Le Diable dupé par les femmes/Première partie

PREMIÈRE PARTIE
UI, cher Grimouille, je suis amoureux,
et ce qui rend aujourd’hui
ma flamme inutile, c’est que la
prudence de la personne aimée a prévalu
sur mes ruses. On ne parle même plus de
mon martyre que pour en divertir les
cercles, et il n’est pas jusqu’aux Socrates
du temps, les plus sombres, qui n’aient ri de
tout leur cœur, en apprenant les circonstances
de ma défaite.
Effectivement un Diable amoureux qui voit succéder à ses dépenses et à ses soins la honte de se voir chargé d’opprobres et de coups : des événements si peu ordinaires à des gens de notre étoffe, ne sont pas tout à fait indignes de l’attention des sages, lesquels, ne doutant plus de notre insuffisance, ne manqueront pas de se divertir de nos artifices, et de publier que l’amour et les femmes nous rendent impotents, sans jambes, sans yeux et peut-être sans oreilles.
Il est vrai que ma frayeur ne m’a permis de m’arracher qu’à moitié d’entre les mains de la fière Léonide et que ma précipitation à fuir, m’a déterminé, plutôt que de tout risquer, à laisser ma jambe de bois chez elle. Mais enfin le sort du combat a autrement disposé de mes oreilles, quoique franchement on ne les a pas plus épargnées que tout le reste de ma figure ; et si mon adresse ne m’eût heureusement dérobé à la fureur de la troupe mutinée, peut-être bien qu’il me serait effectivement arrivé quelque chose de pis.
Bien t’a pris, ma foi, de ce qu’à la faveur de ta perruque blonde, on ne t’a pas reconnu pour le Midas des sombres demeures, car la brune venant à te reconnaître pour tel, dès tes premières visites, je veux croire que la scène de la bastonnade n’eût jamais passé jusqu’au second acte.
Loin de lui découvrir le pot aux roses, je donnais, au contraire, tous mes soins à éloigner de sa mémoire tout ce qui pouvait la porter au soupçon et à la défiance.
Elle avait lu dans de fameuses pasquinades, qu’un Diable, marqué au B en plusieurs endroits, avait depuis peu formé quelques habitudes dans Paris ; mais persuadé que je n’étais pas le seul dans cette grande ville en qui la nature se voit ainsi tronquée, j’allais hardiment mon grand chemin, sans craindre d’être découvert.

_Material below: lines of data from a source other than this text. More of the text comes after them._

lemma walk_weight_cycle: "walk_weight m cycle = 2 * m"
proof -
  have "walk_weight m P = 12" "walk_weight m R = 12"
    using walk_weight_band_segment p_ge band_fits dipath_P dipath_R C6_P C6_R hd_P_band hd_R_band
    by simp_all
  then show ?thesis
    using walk_weight_concat_walk[OF chain_pieces pieces_nonempty] walk_weight_shifted_copies[OF m_pos]
      walk_weight_W_X dipath_P dipath_R m_eq
    by (simp add: cycle_pieces_def dipath_def)
qed

lemma closed_type_cycle: "closed_type_cycle m 2 cycle"
  using closed_type_cycle_of_closed_walk[OF m_pos is_walk_cycle length_cycle distinct_butlast_cycle
      cycle_in_verts last_cycle] walk_weight_cycle
  by simp

end

lemma type2_basic_halves:
  assumes "type2_basic m p k W X Y Z P R Q S" "0 < k" "3 \<le> p" "m = p + 12 * k"
  shows "basic_half m p k W X P R" "basic_half m p k Y Z Q S"
  using assms by (simp_all add: type2_basic_def basic_half_def disj4_def)

lemma type2_basic_closes_without_layers:
  assumes "type2_basic p p 0 W X Y Z P R Q S"
  shows "last W = hd X" "last Y = hd Z"
proof -
  have no_shift: "rho p (- int p) v = v" if "v \<in> verts p" for v
    using rho_mod_cong[of "- int p" p 0] rho_zero[OF that] by simp
  have "dipath p W" "dipath p Y" "hd X = rho p (- int p) (last W)" "hd Z = rho p (- int p) (last Y)"
    using assms by (simp_all add: type2_basic_def)
  moreover from this have "last W \<in> verts p" "last Y \<in> verts p"
    by (auto simp: dipath_def)
  ultimately show "last W = hd X" "last Y = hd Z"
    using no_shift by simp_all
qed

D’une jambe à simple structure que je traînais à la faveur d’une béquille, je m’en fis construire une autre sur le naturel et dont le principal ressort me fut donné par un fameux mécanicien de cette ville ; — car en matière de mécanique, les Français sont plus Diables que nous, — lequel me rendant ce service, crut, en me voyant couvert d’un habit bleu, obliger quelque officier réformé ou quelque plaideur illustre nouvellement arrivé par les coches d’Évreux.
Un large plumet flottant sur les bords d’un grand castor, une perruque à la financière, tapée sur mon large estomac, une épée relevée d’or et d’agate à mon côté, un beau bas d’Angleterre tiré sur ma jambe artificielle, je peux dire que tout était dans l’ordre. D’ailleurs je sus toujours si bien accorder ma contenance au bruit que j’avais fait répandre de ma prétendue noblesse, que Léonide donnant à pleines voiles dans le piège, devint la plus opiniâtre de toutes à me rendre les honneurs légitimement dus aux nobles de la première classe.
Je n’ignore rien de tout ce que tu as fait pour te mériter l’estime de cette belle. Je sais même que pour soutenir heureusement ton faste, sans beaucoup t’intéresser au malheur d’une troupe de pauvres domestiques injustement accusés, tu n’as pas fait difficulté de forcer les coffres d’un riche agioteur et de saigner, tout d’un coup, son trésor et son dieu, de douze sacs de mille écus d’or de bon aloi.
Je sais encore que deux habits chargés d’un galon d’or et d’argent le plus fin, s’éclipsèrent, le même jour, aux yeux d’un pauvre valet de chambre à qui on retint les gages de vingt années. Je ne suis, dis-je, que trop instruit de tout cela, et il ne me reste plus rien à savoir de ce qui te concerne, sinon un précis de ton entrée et de ta disgrâce chez ta belle.
C’est, mon cher Grimouille, me demander, en peu de paroles, un long discours. Mais comme tu es celui de tous les Diables que je crois le plus digne de mes confidences, asseyons-nous un moment sous cet étal, et voyons par le récit de mes aventures, si l’on peut encore compter quelque chose sur l’amitié apparente des femmes.